◆ Your instructions:
Every line containing the word "commutator" is to be copied from the data below.

[Stored data entries]
- Opening Delimiter -

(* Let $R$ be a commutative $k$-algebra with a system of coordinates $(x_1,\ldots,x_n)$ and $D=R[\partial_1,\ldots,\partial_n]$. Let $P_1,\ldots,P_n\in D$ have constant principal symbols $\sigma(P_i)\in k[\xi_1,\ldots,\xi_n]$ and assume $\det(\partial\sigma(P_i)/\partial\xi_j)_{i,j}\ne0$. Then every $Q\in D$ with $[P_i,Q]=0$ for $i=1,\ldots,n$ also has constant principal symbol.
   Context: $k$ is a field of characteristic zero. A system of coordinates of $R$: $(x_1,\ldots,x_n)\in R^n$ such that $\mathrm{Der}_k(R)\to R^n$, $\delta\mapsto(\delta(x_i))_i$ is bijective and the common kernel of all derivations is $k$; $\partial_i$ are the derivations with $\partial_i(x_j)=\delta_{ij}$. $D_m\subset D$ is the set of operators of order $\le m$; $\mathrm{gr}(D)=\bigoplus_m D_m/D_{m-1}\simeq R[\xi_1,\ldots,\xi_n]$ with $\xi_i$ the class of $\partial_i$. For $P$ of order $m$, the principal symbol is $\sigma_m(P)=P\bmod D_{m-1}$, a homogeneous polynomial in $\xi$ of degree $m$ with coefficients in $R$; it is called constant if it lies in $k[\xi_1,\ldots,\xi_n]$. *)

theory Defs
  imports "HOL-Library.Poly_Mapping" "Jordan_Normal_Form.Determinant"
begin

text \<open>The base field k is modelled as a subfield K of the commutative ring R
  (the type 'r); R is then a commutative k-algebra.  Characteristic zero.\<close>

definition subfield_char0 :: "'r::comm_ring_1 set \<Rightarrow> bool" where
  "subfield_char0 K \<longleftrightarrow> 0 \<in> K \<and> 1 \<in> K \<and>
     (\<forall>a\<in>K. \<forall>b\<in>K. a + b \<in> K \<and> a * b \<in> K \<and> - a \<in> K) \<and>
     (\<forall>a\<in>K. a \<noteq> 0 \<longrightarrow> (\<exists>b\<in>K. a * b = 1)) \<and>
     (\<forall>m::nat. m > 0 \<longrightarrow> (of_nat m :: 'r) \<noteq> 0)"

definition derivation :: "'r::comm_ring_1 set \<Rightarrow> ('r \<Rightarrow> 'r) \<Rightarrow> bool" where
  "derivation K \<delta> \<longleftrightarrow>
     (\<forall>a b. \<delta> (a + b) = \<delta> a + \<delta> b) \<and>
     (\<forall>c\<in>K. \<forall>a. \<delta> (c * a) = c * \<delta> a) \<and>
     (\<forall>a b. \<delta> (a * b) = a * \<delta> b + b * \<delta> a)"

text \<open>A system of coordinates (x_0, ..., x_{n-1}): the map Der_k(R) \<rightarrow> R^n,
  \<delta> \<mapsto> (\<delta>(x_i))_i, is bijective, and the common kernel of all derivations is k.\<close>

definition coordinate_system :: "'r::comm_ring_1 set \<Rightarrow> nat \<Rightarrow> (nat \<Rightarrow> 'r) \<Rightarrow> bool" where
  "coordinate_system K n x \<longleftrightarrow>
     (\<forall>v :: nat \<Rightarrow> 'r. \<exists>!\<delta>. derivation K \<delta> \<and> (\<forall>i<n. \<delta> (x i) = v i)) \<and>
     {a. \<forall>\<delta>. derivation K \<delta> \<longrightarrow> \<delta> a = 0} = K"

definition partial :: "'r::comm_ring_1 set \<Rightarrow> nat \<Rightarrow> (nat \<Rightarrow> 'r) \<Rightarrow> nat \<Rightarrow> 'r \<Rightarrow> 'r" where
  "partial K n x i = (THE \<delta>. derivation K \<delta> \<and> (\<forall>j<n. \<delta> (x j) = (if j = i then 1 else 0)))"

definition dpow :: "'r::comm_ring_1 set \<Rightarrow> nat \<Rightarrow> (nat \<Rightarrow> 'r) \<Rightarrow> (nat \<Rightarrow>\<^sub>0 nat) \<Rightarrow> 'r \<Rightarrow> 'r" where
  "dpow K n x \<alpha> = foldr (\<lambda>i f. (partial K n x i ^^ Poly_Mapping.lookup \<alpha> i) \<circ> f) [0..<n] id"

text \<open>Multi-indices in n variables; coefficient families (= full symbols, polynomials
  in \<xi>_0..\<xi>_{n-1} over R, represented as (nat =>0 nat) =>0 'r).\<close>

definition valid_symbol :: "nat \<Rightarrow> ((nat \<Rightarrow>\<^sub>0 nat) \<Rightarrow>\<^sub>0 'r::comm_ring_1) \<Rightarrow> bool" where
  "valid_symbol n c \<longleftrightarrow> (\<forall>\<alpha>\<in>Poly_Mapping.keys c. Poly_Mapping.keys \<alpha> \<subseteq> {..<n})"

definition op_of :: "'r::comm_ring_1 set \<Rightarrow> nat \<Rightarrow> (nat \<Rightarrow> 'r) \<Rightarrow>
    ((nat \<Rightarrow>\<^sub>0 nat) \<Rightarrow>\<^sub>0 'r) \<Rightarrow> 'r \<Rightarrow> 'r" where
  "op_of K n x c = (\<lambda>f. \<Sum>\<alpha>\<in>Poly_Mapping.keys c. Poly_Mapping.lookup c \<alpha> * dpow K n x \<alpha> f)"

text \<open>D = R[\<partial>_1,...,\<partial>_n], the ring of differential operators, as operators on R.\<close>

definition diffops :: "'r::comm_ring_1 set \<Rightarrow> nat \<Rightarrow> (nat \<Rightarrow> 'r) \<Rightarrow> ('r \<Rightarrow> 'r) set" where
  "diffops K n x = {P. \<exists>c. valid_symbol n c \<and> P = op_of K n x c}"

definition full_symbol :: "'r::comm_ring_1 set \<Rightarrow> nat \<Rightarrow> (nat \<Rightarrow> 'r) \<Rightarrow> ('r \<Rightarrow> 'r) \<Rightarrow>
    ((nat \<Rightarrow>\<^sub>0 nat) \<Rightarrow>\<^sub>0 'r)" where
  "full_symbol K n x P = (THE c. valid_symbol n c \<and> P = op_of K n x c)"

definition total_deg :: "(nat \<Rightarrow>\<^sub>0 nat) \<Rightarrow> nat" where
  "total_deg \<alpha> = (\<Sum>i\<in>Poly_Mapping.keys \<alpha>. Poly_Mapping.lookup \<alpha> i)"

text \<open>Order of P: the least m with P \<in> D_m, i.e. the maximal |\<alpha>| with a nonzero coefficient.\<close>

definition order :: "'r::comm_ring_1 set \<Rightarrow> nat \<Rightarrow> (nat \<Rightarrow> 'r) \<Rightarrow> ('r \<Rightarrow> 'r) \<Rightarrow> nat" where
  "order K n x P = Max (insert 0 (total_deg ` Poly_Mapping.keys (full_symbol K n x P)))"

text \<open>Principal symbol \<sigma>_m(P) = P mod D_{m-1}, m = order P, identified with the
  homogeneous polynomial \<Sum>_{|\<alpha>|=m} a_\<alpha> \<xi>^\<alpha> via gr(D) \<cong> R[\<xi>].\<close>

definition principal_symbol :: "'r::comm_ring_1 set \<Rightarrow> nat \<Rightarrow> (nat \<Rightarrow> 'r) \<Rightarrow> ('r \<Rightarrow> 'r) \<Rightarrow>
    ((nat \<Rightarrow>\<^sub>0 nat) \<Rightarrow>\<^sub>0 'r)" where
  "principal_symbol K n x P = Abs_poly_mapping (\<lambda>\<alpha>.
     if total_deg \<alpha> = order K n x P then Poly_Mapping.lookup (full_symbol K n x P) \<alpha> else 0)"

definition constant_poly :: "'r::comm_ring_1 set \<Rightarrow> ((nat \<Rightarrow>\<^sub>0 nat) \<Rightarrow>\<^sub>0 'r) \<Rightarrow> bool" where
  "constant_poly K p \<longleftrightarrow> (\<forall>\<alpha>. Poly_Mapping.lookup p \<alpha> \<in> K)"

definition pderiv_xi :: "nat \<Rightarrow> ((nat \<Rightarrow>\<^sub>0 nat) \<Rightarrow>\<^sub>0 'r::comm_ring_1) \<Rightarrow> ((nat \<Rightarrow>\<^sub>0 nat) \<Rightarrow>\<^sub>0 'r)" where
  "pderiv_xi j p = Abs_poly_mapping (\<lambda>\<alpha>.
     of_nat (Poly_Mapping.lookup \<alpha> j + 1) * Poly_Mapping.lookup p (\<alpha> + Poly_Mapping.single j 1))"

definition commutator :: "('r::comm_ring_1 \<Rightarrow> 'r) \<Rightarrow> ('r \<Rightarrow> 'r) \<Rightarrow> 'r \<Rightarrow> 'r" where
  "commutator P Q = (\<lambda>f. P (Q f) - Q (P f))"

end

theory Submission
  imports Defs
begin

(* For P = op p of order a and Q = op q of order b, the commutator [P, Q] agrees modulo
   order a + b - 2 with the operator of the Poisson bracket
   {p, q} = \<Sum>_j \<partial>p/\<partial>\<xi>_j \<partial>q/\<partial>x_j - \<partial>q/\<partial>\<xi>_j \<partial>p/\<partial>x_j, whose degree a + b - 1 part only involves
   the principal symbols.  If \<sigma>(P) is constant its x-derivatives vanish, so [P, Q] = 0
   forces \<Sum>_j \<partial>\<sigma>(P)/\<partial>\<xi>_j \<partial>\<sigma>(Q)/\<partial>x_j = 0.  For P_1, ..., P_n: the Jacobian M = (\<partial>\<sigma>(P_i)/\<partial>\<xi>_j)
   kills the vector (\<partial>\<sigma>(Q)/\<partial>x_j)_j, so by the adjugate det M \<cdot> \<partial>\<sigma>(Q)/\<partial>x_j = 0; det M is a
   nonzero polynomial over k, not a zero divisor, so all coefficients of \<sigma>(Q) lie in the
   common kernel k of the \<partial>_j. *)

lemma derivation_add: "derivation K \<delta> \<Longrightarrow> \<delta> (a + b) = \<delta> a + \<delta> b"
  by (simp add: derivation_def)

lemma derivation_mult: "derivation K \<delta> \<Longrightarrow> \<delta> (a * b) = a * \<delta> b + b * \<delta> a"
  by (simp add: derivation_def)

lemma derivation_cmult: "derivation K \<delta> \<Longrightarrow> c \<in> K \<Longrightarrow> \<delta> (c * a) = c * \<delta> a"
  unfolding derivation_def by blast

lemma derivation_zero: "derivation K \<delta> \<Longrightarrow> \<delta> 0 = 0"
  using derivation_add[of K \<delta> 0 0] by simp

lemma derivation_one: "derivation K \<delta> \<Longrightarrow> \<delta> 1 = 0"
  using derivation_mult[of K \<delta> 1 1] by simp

- Closing Delimiter -

◆ Written reply:
definition commutator :: "('r::comm_ring_1 \<Rightarrow> 'r) \<Rightarrow> ('r \<Rightarrow> 'r) \<Rightarrow> 'r \<Rightarrow> 'r" where
  "commutator P Q = (\<lambda>f. P (Q f) - Q (P f))"
(* For P = op p of order a and Q = op q of order b, the commutator [P, Q] agrees modulo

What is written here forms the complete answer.